По его мнению, именно опыт добровольной имитации крушения и последовавшего за этим одиночного плаванья является причиной травматизма, изменившего все в его жизни. То был опыт, который травматический невроз закрепил посредством бесконечного повторения. Но это объяснение Бомбара исключает все, что предшествовало его авантюре, а именно мотивы, благодаря которым он решился подвергнуть себя такому травматизму.

Я не думаю, что травматическое состояние тех, кто превращает себя в машину для изнуряющей гребли, является лишь следствием опыта одиночного плавания. В определенном числе случаев синдром «одинокого галерщика» должен предшествовать этому опыту, смысл которого в том, чтобы найти объект во враждебном окружении, в данном случае – в одиночном экстремальном заплыве, который превратит предшествующие страхи и диффузное безобъектное отчаяние во вполне понятное и объектное.

Отчаяние, описанное Бомбаром, – это состояние архаического страха, к которому стараются приблизиться те, кого манит этот вид подвигов, – спортсмены-марафонцы и экстремалы. Они хотят побороть и изгнать собственное состояние беспомощности (Hilflosigkeit), пережитое ими раньше, чтобы доказать, что, дойдя до края, когда, кажется, уже ничем нельзя себе помочь, это все-таки, несмотря ни на что, оказывается возможно. По всей видимости, именно спортсмены-экстремалы идут по пути замены своих некогда безысходных и бессмысленных страданий на вполне понятные архаические расстройства, дабы избавиться от первых.

Процессы самоуспокоения также являются необходимостью, навязанной отчаянием, а не объектным страхом. Оправданием для приведения их в действие всегда служит неинтегрируемое перевозбуждение, скрытый травматический невроз, который, кстати, может касаться лишь определенного сектора психической деятельности.

Существование процессов самоуспокоения является, с одной стороны, следствием недостаточности строения психической системы защиты от отчаяния и, с другой – провала материнской функции смягчения страхов своего ребенка. Они указывают на неспособность матери помочь своему ребенку переносить ее отсутствие, что ведет к усилению процесса самоуспокоения ради поддержки функции восприятия.

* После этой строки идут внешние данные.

lemma sum_d_coef_degree_remove:
  assumes fin: "finite W" and v: "v \<in> W"
  shows "(\<Sum>u\<in>W - {v}. d_coef (degree (W - {v}) E u)) - (\<Sum>u\<in>W - {v}. d_coef (degree W E u))
    = (\<Sum>u\<in>neighbours W E v. d_coef (degree W E u - 1) - d_coef (degree W E u))"
proof -
  have N: "neighbours W E v \<subseteq> W - {v}"
    using adj_irrefl unfolding neighbours_def by auto
  have adj: "E u v \<longleftrightarrow> u \<in> neighbours W E v" if "u \<in> W" for u
    using that adj_sym unfolding neighbours_def by blast
  have "(\<Sum>u\<in>W - {v}. d_coef (degree (W - {v}) E u)) - (\<Sum>u\<in>W - {v}. d_coef (degree W E u))
      = (\<Sum>u\<in>W - {v}. d_coef (degree (W - {v}) E u) - d_coef (degree W E u))"
    by (simp add: sum_subtractf)
  also have "\<dots> = (\<Sum>u\<in>neighbours W E v. d_coef (degree (W - {v}) E u) - d_coef (degree W E u))"
    using fin N degree_remove[OF fin v] adj by (intro sum.mono_neutral_right) auto
  also have "\<dots> = (\<Sum>u\<in>neighbours W E v. d_coef (degree W E u - 1) - d_coef (degree W E u))"
  proof (rule sum.cong[OF refl])
    fix u assume "u \<in> neighbours W E v"
    then have "u \<in> W" "u \<noteq> v" "E u v" using N adj by auto
    then show "d_coef (degree (W - {v}) E u) - d_coef (degree W E u)
        = d_coef (degree W E u - 1) - d_coef (degree W E u)"
      using degree_remove[OF fin v, of u] by simp
  qed
  finally show ?thesis .
qed

lemma degree_ge_2_if_neighbour:
  assumes fin: "finite W" and v: "v \<in> W" and u: "u \<in> neighbours W E v"
    and not_cc: "\<not> in_complete_component (W - {v}) u"
  shows "2 \<le> degree W E u"
proof -
  have "u \<noteq> v" "E u v"
    using u adj_irrefl unfolding neighbours_def by (auto dest: adj_sym)
  then have "degree (W - {v}) E u = degree W E u - 1"
    using degree_remove[OF fin v] by simp
  moreover have "1 \<le> degree (W - {v}) E u"
    using degree_ge_1_if_not_in_complete_component[OF _ not_cc] fin by simp
  ultimately show ?thesis by simp
qed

По-моему, процесс самоуспокоения представляет собой некий эрзац известной игры с катушкой, описанной Фрейдом, эрзац потому, что такая игра не состоялась и не смогла сохранить следы присутствия матери.

Связь между смертью и эротизмом

Пример с Рокки позволяет рассмотреть процесс, ведущий к изменению применяемой им самоуспокоительной процедуры, и способ, при помощи которого осуществляется ее замена на ментализацию.

Рокки создает картотеку, которую заполняет фотографиями обложек музыкальных дисков с написанными на них названиями групп. Удовольствие, которое он получает от музыки, носит, скорее, вторичный характер, а настоящее удовольствие он, похоже, получает от созерцания изображений обложек, которые он охотно демонстрирует, и, показывая их мне, хочет, чтобы и я разделил с ним его чувства.

Почти все названия групп тяжелого рока и иллюстрации к их дискам отображают тему смерти. Вот некоторые красноречивые примеры этих названий: «Смерть», «Могила», «Суицидальные тенденции», «Скелет», «Разрушение», «Семья жертв».

В оформлении дисков присутствуют скелеты, головы мертвецов, покрытые касками, и живых мертвецов. Разлагающиеся трупы выходят из могил с угрожающим видом, а иногда они выходят прямиком из ада.

Рокки демонстрирует большую искусность в перерисовывании этих персонажей. Он приносит мне свои рисунки, однако совсем немного может рассказать о них. Зато он все больше и больше идентифицирует себя с этим музыкальным направлением. Он называет себя «тяжеловесом», то есть любителем тяжелого рока, и ищет встреч с другими тяжеловесами, легко узнаваемыми по знакам на одежде, прежде всего, по названиям музыкальных групп, отпечатанных на джинсах и куртках. Принимая во внимание, что означают эти названия, Рокки становится в некотором роде рекламным носителем смерти.